Black Hole Photography
Or, how to make a telescope as large as the world
This is it. The first image that has ever been taken of any black hole.
And maybe it doesn’t look spectacular at first, but consider this: not only is this black hole is about 55 million light years away from us, but black holes are invisible by their very nature! (This is because their gravitational pull is so strong that not even light can escape them.)
Which is why, for many years, astronomers thought that an image of a black hole would be impossible to get.
They were wrong.
In theory, we can’t take a picture of a black hole because it just isn’t possible to take an image of something that doesn’t emit or reflect light.
Take a closer look, though. What you see in the picture is not the black hole itself, but a disk around it. You’ll see black space, a ring of fire, and then more black within.
That’s the black hole.
In this picture, the black hole isn’t visible — and shouldn’t be, if our laws of physics are correct.
The ring itself exists because of a phenomenon in which a star comes too close to the black hole and gets sucked into it.
Due to the enormous amount of gravitational force exerted by the black hole, the star gets pulled in until all that remains is the ring. The ring is called the accretion disk, and it’s the most obvious part of the image taken.
But it won’t be around forever: the black hole continues to exert it’s pull, and after a period of time, this ring will get eaten up as well.
The story begins with a small team of innovators and ends with a telescope that is unlike anything the world has ever seen.
Although there have been major advances in telescope technology lately, there is no single telescope on earth that can take a picture of a black hole. They’re just too small to do so!
In theory, to have that kind of resolution, you would need a telescope the size of planet Earth, and obviously, that isn’t possible. To solve this problem, they hit upon an idea that was truly innovative: if one telescope couldn’t do the job then perhaps many would.
As it turns out, they were right.
The team used a global network of dishes to simulate a telescope of this size. Twelve radio-telescopes stationed at different points across the world were kept in sync with powerful atomic clocks. Each telescope collected and recorded radio waves coming from near the black hole. This data was then combined using supercomputers to create the image of the black hole.
This program included the support of many countries and was named the Event Horizon Telescope or EHT.
This black hole is actually what’s called a supermassive black hole that lives in the centre of the Messier 87 galaxy. It’s about 7 billion times as massive as our Sun. That’s colossal compared even to other supermassive black holes.
The most important part of this photo is where there is no light, that dark circle in the centre which measures to about 25 billion miles across. That’s the actual black hole.
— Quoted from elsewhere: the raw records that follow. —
theorem lemma2:
  fixes n :: nat and \<xi> :: "nat \<Rightarrow> real"
    and k0 A1 A2 \<alpha> \<beta> \<epsilon> :: real
  assumes n_pos: "n > 0"
    and \<xi>_pos: "\<And>k. \<xi> k > 0"
    and k0_pos: "k0 > 0"
    and A1_pos: "A1 > 0" and A2_pos: "A2 > 0"
    and \<beta>_pos: "\<beta> > 0" and \<alpha>\<beta>: "\<alpha> > \<beta>"
    and \<epsilon>_pos: "\<epsilon> > 0"
    and first: "\<xi> 1 \<le> exp (- \<alpha> * (\<Sum>i=1..n. 1 / (k0 + real i))) * \<xi> 0 + A1"
    and step: "\<And>k. k \<ge> 1 \<Longrightarrow>
        \<xi> (k + 1) \<le> exp (- \<alpha> * (\<Sum>i=1..n. 1 / (k0 + real n * real k + real i))
                         + \<epsilon> / (real k)^2) * \<xi> k
                   + A2 / (k0 + real n * (real k + 1)) powr (\<beta> + 1)"
    and K: "K \<ge> 1"
  shows "let c = exp (\<epsilon> * pi^2 / 6) in
    \<xi> K \<le> c * (k0 + 1) powr \<alpha> / (k0 + real n * real K) powr \<alpha> * \<xi> 0
          + c * (k0 + real n + 1) powr \<alpha> * A1 / (k0 + real n * real K) powr \<alpha>
          + (c / (\<alpha> - \<beta>) * exp (\<alpha> / (k0 + real n + 1)) * A2)
              / (real n * (k0 + real n * real K) powr \<beta>)
          + c * exp (\<alpha> / (k0 + real n + 1)) * A2 / (k0 + real n * real K) powr (\<beta> + 1)"
proof -
  define c where "c = exp (\<epsilon> * pi^2 / 6)"
  define E where "E = exp (\<alpha> / (k0 + real n + 1))"
  define N where "N m = k0 + real n * real m" for m
  define b where "b m = (if m = 1 then A1 else A2 / N m powr (\<beta> + 1))" for m
  define T where "T = (\<Sum>m=2..K. (N m + 1) powr \<alpha> / N m powr (\<beta> + 1))"
  define B where "B = E * (N K powr (\<alpha> - \<beta>) / (real n * (\<alpha> - \<beta>)) + N K powr (\<alpha> - \<beta> - 1))"
  have \<alpha>_pos: "\<alpha> > 0" using \<alpha>\<beta> \<beta>_pos by simp
  have N_pos: "N m > 0" for m unfolding N_def using k0_pos by (simp add: add_pos_nonneg)
  have T_le: "T \<le> B"
    using sum_shifted_powr_div_powr_le[of k0 "real n" \<alpha> \<beta> K] k0_pos n_pos \<alpha>_pos \<alpha>\<beta>
    unfolding T_def B_def E_def N_def by simp
  have "\<xi> K \<le> c * ((k0 + 1) powr \<alpha> * \<xi> 0 + (\<Sum>m=1..K. (N m + 1) powr \<alpha> * b m)) / (N K + 1) powr \<alpha>"
    unfolding c_def N_def
  proof (rule harmonic_recursion_unroll)
    show "\<xi> (Suc k) \<le> exp (- \<alpha> * (\<Sum>i=1..n. 1 / (k0 + real n * real k + real i)) + \<epsilon> / (real k)^2) * \<xi> k
        + b (Suc k)" for k
      using first step[of k] by (cases "k = 0") (simp_all add: b_def N_def add.commute)
  qed (use k0_pos \<alpha>_pos \<epsilon>_pos \<xi>_pos A1_pos A2_pos in \<open>auto simp: b_def N_def intro: less_imp_le\<close>)
  also have "(\<Sum>m=1..K. (N m + 1) powr \<alpha> * b m) = (k0 + real n + 1) powr \<alpha> * A1 + A2 * T"
    using K unfolding T_def sum_distrib_left
    by (simp add: sum.atLeast_Suc_atMost b_def N_def mult_ac numeral_2_eq_2)
  also have "c * ((k0 + 1) powr \<alpha> * \<xi> 0 + ((k0 + real n + 1) powr \<alpha> * A1 + A2 * T)) / (N K + 1) powr \<alpha>
      \<le> c * ((k0 + 1) powr \<alpha> * \<xi> 0 + ((k0 + real n + 1) powr \<alpha> * A1 + A2 * B)) / N K powr \<alpha>"
    using T_le N_pos[of K] \<xi>_pos[of 0] A1_pos A2_pos \<alpha>_pos \<alpha>\<beta> n_pos
    by (intro frac_le mult_left_mono add_left_mono add_nonneg_nonneg mult_nonneg_nonneg powr_mono2)
      (auto simp: c_def B_def E_def)
  also have "\<dots> = c * (k0 + 1) powr \<alpha> / N K powr \<alpha> * \<xi> 0
      + c * (k0 + real n + 1) powr \<alpha> * A1 / N K powr \<alpha>
      + (c / (\<alpha> - \<beta>) * E * A2) / (real n * N K powr \<beta>)
      + c * E * A2 / N K powr (\<beta> + 1)"
  proof -
    have powr_diff_\<beta>: "N K powr (\<alpha> - \<beta>) = N K powr \<alpha> / N K powr \<beta>"
      "N K powr (\<alpha> - \<beta> - 1) = N K powr \<alpha> / N K powr (\<beta> + 1)"
      by (simp_all add: powr_diff[symmetric] algebra_simps)
    show ?thesis
      using N_pos[of K] \<alpha>\<beta> n_pos unfolding B_def powr_diff_\<beta> by (simp add: field_simps)
  qed
  finally show ?thesis unfolding Let_def c_def N_def E_def .
qed

end
lemma descent_lemma:
  fixes F :: "real^'n \<Rightarrow> real"
  assumes X: "convex X" and x: "x \<in> X" and y: "y \<in> X" and H: "sym_pd H" and nu: "\<nu> > 0"
    and d: "\<And>p. p \<in> X \<Longrightarrow> (F has_derivative (\<lambda>h. h \<bullet> G p)) (at p)"
    and L: "\<And>p q. p \<in> X \<Longrightarrow> q \<in> X \<Longrightarrow> qf (matrix_inv H) (G p - G q) \<le> \<nu>^2 * qf H (p - q)"
  shows "F y \<le> F x + G x \<bullet> (y - x) + \<nu> / 2 * qf H (y - x)"
proof -
  define v where "v = y - x"
  define \<phi> where "\<phi> s = F (x + s *\<^sub>R v) - s * (G x \<bullet> v) - \<nu> / 2 * s^2 * qf H v" for s
  \<comment> \<open>\<open>\<phi>' \<le> 0\<close>: Young's inequality with constant \<open>\<nu> s\<close> turns the dual-norm Lipschitz bound
    into \<open>\<langle>G p - G x, v\<rangle> \<le> \<nu> s \<parallel>v\<parallel>\<^sub>H\<^sup>2\<close>.\<close>
  have "\<phi> 1 \<le> \<phi> 0"
  proof (rule DERIV_nonpos_imp_nonincreasing[of 0 1 \<phi>])
    fix s :: real assume s: "0 \<le> s" "s \<le> 1"
    define p where "p = x + s *\<^sub>R v"
    have pX: "p \<in> X" unfolding p_def v_def
      using convexD[OF X x y, of "1 - s" s] s by (simp add: algebra_simps)
    have "((\<lambda>t. F (x + t *\<^sub>R v)) has_real_derivative (v \<bullet> G p)) (at s)"
      using has_real_derivative_along_line d[OF pX] p_def by simp
    then have D: "(\<phi> has_real_derivative (v \<bullet> G p - G x \<bullet> v - \<nu> / 2 * (2 * s) * qf H v)) (at s)"
      unfolding \<phi>_def by (auto intro!: derivative_eq_intros)
    have "v \<bullet> G p - G x \<bullet> v \<le> \<nu> * s * qf H v"
    proof (cases "s = 0")
      case True then show ?thesis by (simp add: p_def inner_commute)
    next
      case False
      then have sp: "s > 0" using s by simp
      have "(G p - G x) \<bullet> v \<le> qf (matrix_inv H) (G p - G x) / (2 * (\<nu> * s)) + \<nu> * s / 2 * qf H v"
        using sp nu by (intro inner_le_qf_matrix_inv_qf[OF H]) simp
      also have "qf (matrix_inv H) (G p - G x) / (2 * (\<nu> * s)) \<le> \<nu>^2 * (s^2 * qf H v) / (2 * (\<nu> * s))"
        using L[OF pX x] sp nu by (intro divide_right_mono) (auto simp: p_def qf_scaleR)
      also have "\<nu>^2 * (s^2 * qf H v) / (2 * (\<nu> * s)) = \<nu> * s / 2 * qf H v"
        using sp nu by (simp add: field_simps power2_eq_square)
      finally show ?thesis by (simp add: inner_diff_left inner_diff_right inner_commute mult.assoc)
    qed
    then show "\<exists>y. (\<phi> has_real_derivative y) (at s) \<and> y \<le> 0"
      using D by (intro exI) auto
  qed simp
  then show ?thesis by (simp add: \<phi>_def v_def)
qed

lemma gavg_inner: "gavg N g x \<bullet> w = (\<Sum>j=1..N. g j x \<bullet> w) / real N"
  unfolding gavg_def by (simp add: inner_sum_left)
lemma op_trace_mult_MX: "op_trace n (op_mult n (MX n) \<rho>) = (\<Sum>xs\<in>bitstrings n. \<rho> (map Not xs) xs)"
  unfolding op_trace_def op_mult_def MX_def
proof (rule sum.cong[OF refl])
  fix xs assume xs: "xs \<in> bitstrings n"
  have "(\<Sum>ys\<in>bitstrings n. tensor_pow sigma_x n xs ys * \<rho> ys xs) =
        (\<Sum>ys\<in>bitstrings n. if ys = map Not xs then \<rho> (map Not xs) xs else 0)"
    by (rule sum.cong[OF refl]) (use xs tensor_pow_sigma_x in auto)
  thus "(\<Sum>ys\<in>bitstrings n. tensor_pow sigma_x n xs ys * \<rho> ys xs) = \<rho> (map Not xs) xs"
    using xs by simp
qed

lemma op_trace_mult_hamiltonian:
  "op_trace n (op_mult n (op_add (op_scale c (MZ n)) (MX n)) \<rho>) =
   c * (\<rho> (replicate n False) (replicate n False) + \<rho> (replicate n True) (replicate n True))
   + (\<Sum>xs\<in>bitstrings n. \<rho> (map Not xs) xs)"
proof -
  have "op_trace n (op_mult n (op_add (op_scale c (MZ n)) (MX n)) \<rho>) =
        c * (op_trace n (op_mult n (tensor_pow ket0bra0 n) \<rho>)
             + op_trace n (op_mult n (tensor_pow ket1bra1 n) \<rho>))
        + op_trace n (op_mult n (MX n) \<rho>)"
    unfolding op_trace_def op_mult_def op_add_def op_scale_def MZ_def
    by (simp add: algebra_simps sum.distrib sum_distrib_left)
  also have "\<dots> = c * (\<rho> (replicate n False) (replicate n False)
                       + \<rho> (replicate n True) (replicate n True))
                  + (\<Sum>xs\<in>bitstrings n. \<rho> (map Not xs) xs)"
    by (subst (1 2) op_trace_mult_point_projector)
       (auto simp: tensor_pow_ket0bra0 tensor_pow_ket1bra1 op_trace_mult_MX)
  finally show ?thesis .
qed

definition sigma_x_expect :: "nat \<Rightarrow> qvec \<Rightarrow> complex" where
  "sigma_x_expect n \<phi> = (\<Sum>xs\<in>bitstrings n. \<phi> (map Not xs) * cnj (\<phi> xs))"

definition const_weight :: "nat \<Rightarrow> bool \<Rightarrow> qvec \<Rightarrow> real" where
  "const_weight n c \<phi> = (cmod (\<phi> (replicate n c)))\<^sup>2"

definition product_energy :: "real \<Rightarrow> nat \<Rightarrow> nat \<Rightarrow> qvec \<Rightarrow> qvec \<Rightarrow> real" where
  "product_energy \<alpha> n1 n2 a b =
     \<alpha> * (const_weight n1 False a * const_weight n2 False b
          + const_weight n1 True a * const_weight n2 True b)
     + Re (sigma_x_expect n1 a) * Re (sigma_x_expect n2 b)"

lemma cnj_sigma_x_expect: "cnj (sigma_x_expect n \<phi>) = sigma_x_expect n \<phi>"
proof -
  have "cnj (sigma_x_expect n \<phi>) = (\<Sum>xs\<in>bitstrings n. cnj (\<phi> (map Not xs)) * \<phi> xs)"
    by (simp add: sigma_x_expect_def)
  also have "\<dots> = (\<Sum>xs\<in>bitstrings n. cnj (\<phi> (map Not (map Not xs))) * \<phi> (map Not xs))"
    by (rule sum_bitstrings_map_Not[symmetric])
  also have "\<dots> = sigma_x_expect n \<phi>" by (simp add: sigma_x_expect_def comp_def mult.commute)
  finally show ?thesis .
qed

lemma Im_sigma_x_expect: "Im (sigma_x_expect n \<phi>) = 0"
  using cnj_sigma_x_expect by (metis Reals_cnj_iff complex_is_Real_iff)

lemma energy_product_state:
  "Re (op_trace (n1 + n2)
       (op_mult (n1 + n2) (op_add (op_scale (complex_of_real \<alpha>) (MZ (n1 + n2))) (MX (n1 + n2)))
          (op_tensor n1 (proj a) (proj b)))) = product_energy \<alpha> n1 n2 a b"
proof -
  let ?\<rho> = "op_tensor n1 (proj a) (proj b)"
  have proj_diag: "proj \<phi> u u = complex_of_real ((cmod (\<phi> u))\<^sup>2)" for \<phi> u
    by (simp add: proj_def complex_norm_square[symmetric])
  have "(\<Sum>xs\<in>bitstrings (n1 + n2). ?\<rho> (map Not xs) xs) =
        (\<Sum>xs\<in>bitstrings (n1 + n2). (\<lambda>u. a (map Not u) * cnj (a u)) (take n1 xs)
                                      * (\<lambda>v. b (map Not v) * cnj (b v)) (drop n1 xs))"
    by (rule sum.cong[OF refl]) (simp add: op_tensor_def proj_def take_map drop_map)
  also have "\<dots> = sigma_x_expect n1 a * sigma_x_expect n2 b"
    unfolding sigma_x_expect_def by (rule sum_bitstrings_add_product)
  finally show ?thesis
    by (simp add: op_trace_mult_hamiltonian op_tensor_def proj_diag const_weight_def
                  product_energy_def Im_sigma_x_expect)
qed

lemma product_energy_qubit_embedding:
  assumes "1 \<le> n2" and "unit_vec 1 b"
  shows "\<exists>b'. unit_vec n2 b' \<and> product_energy \<alpha> n1 n2 a b' = product_energy \<alpha> n1 1 a b"
proof -
  let ?z0 = "replicate n2 False" and ?z1 = "replicate n2 True"
  define b' where "b' xs = (if xs = ?z0 then b [False] else if xs = ?z1 then b [True] else 0)" for xs
  have ne: "?z0 \<noteq> ?z1" using replicate_False_neq_True[OF assms(1)] .
  have rest: "b' xs = 0" if "xs \<in> bitstrings n2 - {?z0, ?z1}" for xs
    using that by (auto simp: b'_def)
  have "(\<Sum>xs\<in>bitstrings n2. (cmod (b' xs))\<^sup>2) = (cmod (b [False]))\<^sup>2 + (cmod (b [True]))\<^sup>2"
    using ne by (subst sum_bitstrings_remove2[of ?z0 n2 ?z1]) (auto simp: rest b'_def)
  hence unit: "unit_vec n2 b'" using assms(2) by (simp add: unit_vec_def bitstrings_Suc_0)
  have "sigma_x_expect n2 b' = b [True] * cnj (b [False]) + b [False] * cnj (b [True])"
    unfolding sigma_x_expect_def using ne
    by (subst sum_bitstrings_remove2[of ?z0 n2 ?z1]) (auto simp: rest b'_def)
  hence "sigma_x_expect n2 b' = sigma_x_expect 1 b"
    by (simp add: sigma_x_expect_def bitstrings_Suc_0)
  moreover have "const_weight n2 c b' = const_weight 1 c b" for c
    using ne by (cases c) (auto simp: const_weight_def b'_def)
  ultimately show ?thesis using unit by (auto simp: product_energy_def)
qed

lemma sigma_x_expect_bound:
  assumes "1 \<le> n" and "unit_vec n b"
  defines "r0 \<equiv> cmod (b (replicate n False))" and "r1 \<equiv> cmod (b (replicate n True))"
  shows "\<bar>Re (sigma_x_expect n b)\<bar> \<le> 2 * r0 * r1 + (1 - r0\<^sup>2 - r1\<^sup>2)"
    and "0 \<le> 1 - r0\<^sup>2 - r1\<^sup>2"
proof -
  let ?R = "bitstrings n - {replicate n False, replicate n True}"
  define r where "r xs = cmod (b xs)" for xs
  have split: "(\<Sum>xs\<in>bitstrings n. f xs) =
               f (replicate n False) + f (replicate n True) + (\<Sum>xs\<in>?R. f xs)" for f :: "_ \<Rightarrow> real"
    using replicate_False_neq_True[OF assms(1)] by (intro sum_bitstrings_remove2) auto
  have norm: "(\<Sum>xs\<in>bitstrings n. (r xs)\<^sup>2) = 1"
    using assms(2) by (simp add: unit_vec_def r_def)
  have rest: "(\<Sum>xs\<in>?R. (r xs)\<^sup>2) = 1 - r0\<^sup>2 - r1\<^sup>2"
    using norm split[of "\<lambda>xs. (r xs)\<^sup>2"] by (simp add: r_def r0_def r1_def)
  have rest_flip: "(\<Sum>xs\<in>?R. (r (map Not xs))\<^sup>2) = 1 - r0\<^sup>2 - r1\<^sup>2"
    using norm sum_bitstrings_map_Not[of "\<lambda>xs. (r xs)\<^sup>2"] split[of "\<lambda>xs. (r (map Not xs))\<^sup>2"]
    by (simp add: r_def r0_def r1_def)
  show "0 \<le> 1 - r0\<^sup>2 - r1\<^sup>2" using rest[symmetric] by (simp add: sum_nonneg)
  have "\<bar>Re (sigma_x_expect n b)\<bar> \<le> cmod (sigma_x_expect n b)" by (rule abs_Re_le_cmod)
  also have "\<dots> \<le> (\<Sum>xs\<in>bitstrings n. cmod (b (map Not xs) * cnj (b xs)))"
    unfolding sigma_x_expect_def by (rule norm_sum)
  also have "\<dots> = (\<Sum>xs\<in>bitstrings n. r (map Not xs) * r xs)" by (simp add: r_def norm_mult)
  also have "\<dots> = r1 * r0 + r0 * r1 + (\<Sum>xs\<in>?R. r (map Not xs) * r xs)"
    by (subst split) (simp add: r_def r0_def r1_def)
  also have "(\<Sum>xs\<in>?R. r (map Not xs) * r xs) \<le> (\<Sum>xs\<in>?R. ((r (map Not xs))\<^sup>2 + (r xs)\<^sup>2) / 2)"
  proof (rule sum_mono)
    fix xs
    have "0 \<le> (r (map Not xs) - r xs)\<^sup>2" by simp
    thus "r (map Not xs) * r xs \<le> ((r (map Not xs))\<^sup>2 + (r xs)\<^sup>2) / 2"
      by (simp add: power2_eq_square algebra_simps)
  qed
  also have "(\<Sum>xs\<in>?R. ((r (map Not xs))\<^sup>2 + (r xs)\<^sup>2) / 2) = 1 - r0\<^sup>2 - r1\<^sup>2"
    using rest rest_flip by (simp add: sum_divide_distrib[symmetric] sum.distrib)
  finally show "\<bar>Re (sigma_x_expect n b)\<bar> \<le> 2 * r0 * r1 + (1 - r0\<^sup>2 - r1\<^sup>2)" by simp
qed
lemma diff_UAS_of_small_step:
  assumes h: "h > 0" and kh: "real k * h = q"
    and r_uc: "\<And>u v. 0 \<le> u \<Longrightarrow> 0 \<le> v \<Longrightarrow> \<bar>u - v\<bar> \<le> h \<Longrightarrow> \<bar>r u - r v\<bar> \<le> w"
    and small: "M * C * (2 * h + w) * exp (M * (3 * q + T)) \<le> 1 / 4"
  shows "diff_UAS a r h k"
proof -
  define N where "N = 2 * k + nat \<lceil>T / h\<rceil>"
  have ceil: "T \<le> of_int \<lceil>T / h\<rceil> * h" "of_int \<lceil>T / h\<rceil> * h \<le> T + h"
    using h mult_right_mono[OF le_of_int_ceiling[of "T / h"], of h]
      mult_right_mono[OF of_int_ceiling_le_add_one[of "T / h"], of h]
    by (simp_all add: algebra_simps)
  have "real N * h = 2 * q + of_int \<lceil>T / h\<rceil> * h"
    using T h kh unfolding N_def by (simp add: algebra_simps)
  moreover have "h \<le> q" using kh h q_pos by (cases k) (auto simp: algebra_simps)
  ultimately have N: "T + 2 * q \<le> real N * h" and N': "real N * h \<le> 3 * q + T" using ceil by auto
  have "M * C * (2 * h + w) * exp (M * (real N * h)) \<le> M * C * (2 * h + w) * exp (M * (3 * q + T))"
    using M_nonneg C h r_uc[of 0 0] N' by (intro mult_left_mono) (auto intro!: mult_left_mono)
  then have small_N: "M * C * (2 * h + w) * exp (M * (real N * h)) \<le> 1 / 4" using small by simp
  show ?thesis
    by (rule diff_UAS_of_geometric_decay[of "(C + 1) * exp (M * q)" a r h k k N])
      (use C geometric_decay[OF h kh _ _ _ _ N r_uc small_N] in \<open>auto simp: diff_sol_def\<close>)
qed

lemma eventually_diff_UAS: "\<exists>K. \<forall>k\<ge>K. k \<ge> 1 \<and> diff_UAS a r (q / real k) k"
proof -
  define P where "P = M * C * exp (M * (3 * q + T))"
  have P: "P \<ge> 0" using M_nonneg C unfolding P_def by simp
  define w where "w = 1 / (16 * (P + 1))"
  have w: "w > 0" using P unfolding w_def by simp
  obtain d where d: "d > 0"
    and r_uc: "\<And>u v. u \<in> {0..} \<Longrightarrow> v \<in> {0..} \<Longrightarrow> dist u v < d \<Longrightarrow> dist (r u) (r v) < w"
    using r_uniformly_continuous w unfolding uniformly_continuous_on_def by metis
  define h\<^sub>0 where "h\<^sub>0 = min d (w / 2)"
  have h\<^sub>0: "h\<^sub>0 > 0" using d w unfolding h\<^sub>0_def by simp
  obtain K :: nat where K: "real K > q / h\<^sub>0" using reals_Archimedean2 by blast
  have "diff_UAS a r (q / real k) k" if k: "k \<ge> max K 1" for k
  proof (rule diff_UAS_of_small_step)
    have "real k > q / h\<^sub>0" using K k by simp
    then have "q / real k < h\<^sub>0" using h\<^sub>0 q_pos k by (simp add: field_simps)
    then have hd: "q / real k < d" and hw: "q / real k < w / 2" unfolding h\<^sub>0_def by auto
    show "q / real k > 0" "real k * (q / real k) = q" using q_pos k by auto
    show "\<bar>r u - r v\<bar> \<le> w" if "0 \<le> u" "0 \<le> v" "\<bar>u - v\<bar> \<le> q / real k" for u v
      using r_uc[of u v] that hd by (simp add: dist_real_def)
    have "M * C * (2 * (q / real k) + w) * exp (M * (3 * q + T)) = P * (2 * (q / real k) + w)"
      unfolding P_def by (simp add: algebra_simps)
    also have "\<dots> \<le> (P + 1) * (2 * w)"
    proof (rule mult_mono)
      have "0 \<le> q / real k" using q_pos by simp
      then show "2 * (q / real k) + w \<le> 2 * w" "0 \<le> 2 * (q / real k) + w" using hw w by linarith+
    qed (use P in auto)
    also have "\<dots> = 1 / 8" unfolding w_def using P by simp
    finally show "M * C * (2 * (q / real k) + w) * exp (M * (3 * q + T)) \<le> 1 / 4" by linarith
  qed
  then show ?thesis by (intro exI[of _ "max K 1"]) auto
qed

end

theorem corollary4p2:
  fixes a r :: "real \<Rightarrow> real" and q :: real
  assumes q_pos: "q > 0"
    and a_cont: "continuous_on {0..} a"
    and a_nonneg: "\<forall>t\<ge>0. a t \<ge> 0"
    and r_range: "\<forall>t\<ge>0. 0 \<le> r t \<and> r t \<le> q"
    and q_sup: "q = (SUP t\<in>{0..}. r t)"
    and A1: "dde_UAS a r q"
    and A2: "\<exists>M. \<forall>t\<ge>0. \<bar>a t\<bar> \<le> M"
    and A3: "uniformly_continuous_on {0..} r"
  shows "(\<forall>\<phi> x. continuous_on {-q..0} \<phi> \<and> dde_sol a r q 0 x \<and> (\<forall>\<theta>\<in>{-q..0}. x \<theta> = \<phi> \<theta>) \<longrightarrow>
            (\<forall>t>0. (\<lambda>k::nat. \<bar>x t - zh a r (q / real k) \<phi> (grid_floor (q / real k) t)\<bar>)
                     \<longlonglongrightarrow> 0))
       \<and> (\<exists>K::nat. \<forall>k\<ge>K. k \<ge> 1 \<and> diff_UAS a r (q / real k) k)"
proof -
  obtain M where M: "\<forall>t\<ge>0. \<bar>a t\<bar> \<le> M" using A2 by blast
  interpret dde_setting a r q M
    by unfold_locales (use q_pos a_cont a_nonneg r_range M A3 in \<open>auto simp: abs_le_iff\<close>)
  obtain C where "C \<ge> 1" and "\<And>\<sigma> x B t. \<sigma> \<ge> 0 \<Longrightarrow> dde_sol a r q \<sigma> x \<Longrightarrow> B > 0 \<Longrightarrow>
      \<forall>\<theta>\<in>{\<sigma> - q..\<sigma>}. \<bar>x \<theta>\<bar> \<le> B \<Longrightarrow> t \<ge> \<sigma> \<Longrightarrow> \<bar>x t\<bar> \<le> C * B"
    using dde_UAS_linear_bound[OF A1] by blast
  moreover obtain T where "T \<ge> 0" and "\<And>\<sigma> x B t. \<sigma> \<ge> 0 \<Longrightarrow> dde_sol a r q \<sigma> x \<Longrightarrow> B > 0 \<Longrightarrow>
      \<forall>\<theta>\<in>{\<sigma> - q..\<sigma>}. \<bar>x \<theta>\<bar> \<le> B \<Longrightarrow> t \<ge> \<sigma> + T \<Longrightarrow> \<bar>x t\<bar> \<le> B / 4"
    using dde_UAS_quarter_decay[OF A1] by blast
  ultimately interpret uas_dde_setting a r q M C T
    by unfold_locales blast+
  show ?thesis using grid_error_tendsto eventually_diff_UAS by blast
qed

end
And at its edge is the place known as the event horizon, the point of no return. Once you cross the event horizon, the black hole’s gravity is so strong that you cannot escape. Not you, not the fastest spacecraft, not even the fastest thing in the universe: light.
Many, many things needed to be just right in order to capture this image, enough that it might be considered a miracle. The light travelled for about 55 million light years, without getting absorbed by gas or particle. Only a small fraction of the radio waves that hit the outer atmosphere actually end up reaching the surface, as most of them get absorbed or reflected. And for these waves to get received by the EHT, the weather needed to be good and clear at every one of the 12 telescopes, including the one in Antarctica.
This is the first picture of a black hole ever taken, but it certainly isn’t the last.
As after this first success, the team of EHT Scientists has started examining other black holes, in hopes to further our understandings on the black holes.
The team has now turned the giant camera towards another black hole named the Sagittarius A*. This black hole is the one present at the center of our own galaxy, the Milky Way. We believe that its images will be released soon.
With these images of black holes, we can understand more about their properties and answer currently unanswered questions like:
Why are they present at the centre of galaxies?
Why do they vomit massive streams of subatomic particles into space?
How exactly do they affect the space-time fabric around them?
And, what effect might they one day have on us?